**Task brief:** In the entries below, identify every line with the string "distinct" and copy it.

**Records to process:**
lemma dim_eq_1_obtains_span_singleton:
  assumes "vec.dim S = 1" obtains w where "w \<noteq> 0" "vec.span S = vec.span {w}"
proof -
  obtain B where B: "B \<subseteq> S" "vec.independent B" "S \<subseteq> vec.span B" "card B = vec.dim S"
    using vec.basis_exists by blast
  then obtain w where w: "B = {w}" using assms card_1_singletonE by metis
  have "w \<noteq> 0" using B(2) w vec.dependent_zero by blast
  moreover have "vec.span S = vec.span {w}"
  proof
    show "vec.span S \<subseteq> vec.span {w}" using B(3) w by (intro vec.span_minimal) simp_all
    show "vec.span {w} \<subseteq> vec.span S" using B(1) w by (intro vec.span_mono) simp
  qed
  ultimately show ?thesis using that by blast
qed

lemma extend_pair_to_basis:
  assumes "vec.independent {u, w :: vec4}" "u \<noteq> w"
  obtains v1 v2 where "vec.span {v1, v2, u, w} = UNIV" "distinct [v1, v2, u, w]"
proof -
  obtain B where B: "{u, w} \<subseteq> B" "vec.independent B" "UNIV \<subseteq> vec.span B"
    using vec.maximal_independent_subset_extend[OF subset_UNIV assms(1)] by metis
  have "vec.span B = UNIV" using B(3) by auto
  then have "card B = 4"
    using vec.dim_span_eq_card_independent[OF B(2)] by (simp add: card_cart_basis)
  moreover have "finite B" using B(2) vec.finiteI_independent by blast
  ultimately have "card (B - {u, w}) = 2" using B(1) assms(2) by (simp add: card_Diff_subset)
  then obtain v1 v2 where v12: "B - {u, w} = {v1, v2}" "v1 \<noteq> v2" by (meson card_2_iff)
  have "B = {v1, v2, u, w}" using v12(1) B(1) by blast
  moreover have "v1 \<notin> {u, w}" "v2 \<notin> {u, w}" using v12(1) by blast+
  then have "distinct [v1, v2, u, w]" using v12(2) assms(2) by simp
  ultimately show ?thesis using that \<open>vec.span B = UNIV\<close> by blast
qed

section \<open>Isomorphisms\<close>

abbreviation leibniz :: "alg4 \<Rightarrow> bool" where
  "leibniz L \<equiv> leibniz_on L UNIV"
lemma ge_hazard_nonneg:
  assumes "t > 0" "a > 0"
  shows "ge_hazard a t \<ge> 0"
  using assms powr01_less_one[of "1 - exp (- t)" a] by (simp add: ge_hazard_def)

lemma ge_scaled_mills_pos:
  assumes "0 < u" "u < 1" "a > 0"
  shows "ge_scaled_mills a u > 0"
proof -
  have "u powr a < 1" using assms powr01_less_one by blast
  then have "u < u powr (1 - a)" using assms by (simp add: powr_diff less_divide_eq)
  then show ?thesis using assms by (simp add: ge_scaled_mills_def)
qed

lemma ge_hazard_eq_scaled_mills:
  assumes "t > 0" "a > 0"
  shows "ge_hazard a t = a / ge_scaled_mills a (1 - exp (- t))"
proof -
  define u where "u = 1 - exp (- t)"
  have u: "0 < u" "u < 1" using assms by (auto simp: u_def)
  have "u powr a < 1" using u assms powr01_less_one by blast
  then have nz: "u \<noteq> 0" "1 - u \<noteq> 0" "1 - u powr a \<noteq> 0" "u powr a \<noteq> 0" using u by auto
  have "ge_hazard a t = a * (u powr a / u) * (1 - u) / (1 - u powr a)"
    unfolding ge_hazard_def u_def[symmetric] using u by (simp add: u_def powr_diff)
  also have "\<dots> = a / ((u / u powr a - u) / (1 - u))"
    using nz by (simp add: field_simps)
  also have "\<dots> = a / ge_scaled_mills a u"
    using u by (simp add: ge_scaled_mills_def powr_diff)
  finally show ?thesis by (simp add: u_def)
qed
lemma proj_eq_pmf_window: "proj k \<nu> = pmf (map_pmf (\<lambda>\<eta>. window \<eta> 0 (Suc k)) \<nu>)"
proof -
  have "map \<eta> [0..int k] = window \<eta> 0 (Suc k)" for \<eta>
    by (simp add: list_eq_iff_nth_eq nth_upto)
  then show ?thesis
    by (intro ext) (simp add: proj_def pmf_map vimage_def)
qed

lemma shift_shift: "shift a (shift b \<eta>) = shift (a + b) \<eta>"
  by (simp add: shift_def algebra_simps)

lemma is_period_add_mult:
  assumes "is_period \<eta> p"
  shows "\<eta> (i + int p * c) = \<eta> i"
proof (induction c rule: int_induct[where k = 0])
  case (step1 c)
  then show ?case using assms by (simp add: is_period_def distrib_left add.assoc[symmetric])
next
  case (step2 c)
  then show ?case using assms unfolding is_period_def
    by (metis (no_types, opaque_lifting) add.assoc diff_add_cancel mult.right_neutral
        right_diff_distrib)
qed simp

lemma is_period_mod: "is_period \<eta> p \<Longrightarrow> \<eta> (i mod int p) = \<eta> i"
  using is_period_add_mult[of \<eta> p "i mod int p" "i div int p"] by simp

lemma shift_mod_period: "is_period \<eta> p \<Longrightarrow> shift (int (n mod p)) \<eta> = shift (int n) \<eta>"
  unfolding shift_def
  by (metis (no_types, opaque_lifting) is_period_mod mod_add_right_eq zmod_int)

lemma is_period_shift: "is_period \<eta> p \<Longrightarrow> is_period (shift j \<eta>) p"
  unfolding is_period_def shift_def by (metis add.assoc add.commute)

lemma min_period_unique: "min_period \<eta> p \<Longrightarrow> min_period \<eta> q \<Longrightarrow> p = q"
  unfolding min_period_def is_period_def by (metis linorder_neqE_nat)

lemma map_pmf_add_mod_pmf_of_set:
  fixes p :: nat
  assumes "0 < p"
  shows "map_pmf (\<lambda>i. (i + j) mod p) (pmf_of_set {0..<p}) = pmf_of_set {0..<p}"
proof -
  let ?f = "\<lambda>i. (i + j) mod p"
  have "b \<in> ?f ` {0..<p}" if "b < p" for b
  proof
    have "b + (p - j mod p) + j = b + p + p * (j div p)"
      using mult_div_mod_eq[of p j] mod_less_divisor[OF assms, of j] by linarith
    then show "b = ?f ((b + (p - j mod p)) mod p)"
      using that by (simp add: mod_add_left_eq)
  qed (use assms in simp)
  then have surj: "{0..<p} \<subseteq> ?f ` {0..<p}" by auto
  moreover have "?f ` {0..<p} \<subseteq> {0..<p}" using assms by auto
  ultimately show ?thesis
    using map_pmf_of_set_inj[OF finite_surj_inj[OF _ surj]] assms by simp
qed

lemma set_pmf_translates_measure:
  "0 < p \<Longrightarrow> set_pmf (translates_measure \<eta> p) = (\<lambda>j. shift (int j) \<eta>) ` {0..<p}"
  by (simp add: translates_measure_def)

lemma translates_measure_shift:
  assumes per: "is_period \<eta> p"
  shows "translates_measure (shift (int j) \<eta>) p = translates_measure \<eta> p"
proof -
  have p: "0 < p" using per by (simp add: is_period_def)
  have "shift (int i) (shift (int j) \<eta>) = shift (int ((i + j) mod p)) \<eta>" for i
    by (simp add: shift_shift shift_mod_period[OF per])
  then have "translates_measure (shift (int j) \<eta>) p
      = map_pmf (\<lambda>i. shift (int i) \<eta>) (map_pmf (\<lambda>i. (i + j) mod p) (pmf_of_set {0..<p}))"
    by (simp add: translates_measure_def pmf.map_comp o_def)
  then show ?thesis
    by (simp add: map_pmf_add_mod_pmf_of_set[OF p] translates_measure_def)
qed

lemma trans_inv_translates_measure: "is_period \<eta> p \<Longrightarrow> trans_inv (translates_measure \<eta> p)"
  using translates_measure_shift[of \<eta> p 1]
  by (simp add: trans_inv_def translates_measure_def pmf.map_comp o_def shift_shift add.commute)

lemma map_pmf_shift_of_nat: "trans_inv \<nu> \<Longrightarrow> map_pmf (shift (int t)) \<nu> = \<nu>"
proof (induction t)
  case (Suc t)
  have "shift (int (Suc t)) = shift 1 \<circ> shift (int t)"
    by (auto simp: shift_shift add.commute)
  then have "map_pmf (shift (int (Suc t))) \<nu> = map_pmf (shift 1) (map_pmf (shift (int t)) \<nu>)"
    by (simp add: pmf.map_comp)
  then show ?case
    using Suc by (simp add: trans_inv_def)
qed (simp add: shift_def[abs_def])

lemma cycle_list_length_pos: "cycle_list k vs \<Longrightarrow> 0 < length vs"
  by (simp add: cycle_list_def)

lemma cycle_list_length_nth: "cycle_list k vs \<Longrightarrow> i < length vs \<Longrightarrow> length (vs ! i) = k"
  by (auto simp: cycle_list_def dB_edge_def)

**Solved problem:**
  obtains v1 v2 where "vec.span {v1, v2, u, w} = UNIV" "distinct [v1, v2, u, w]"
  then have "distinct [v1, v2, u, w]" using v12(2) assms(2) by simp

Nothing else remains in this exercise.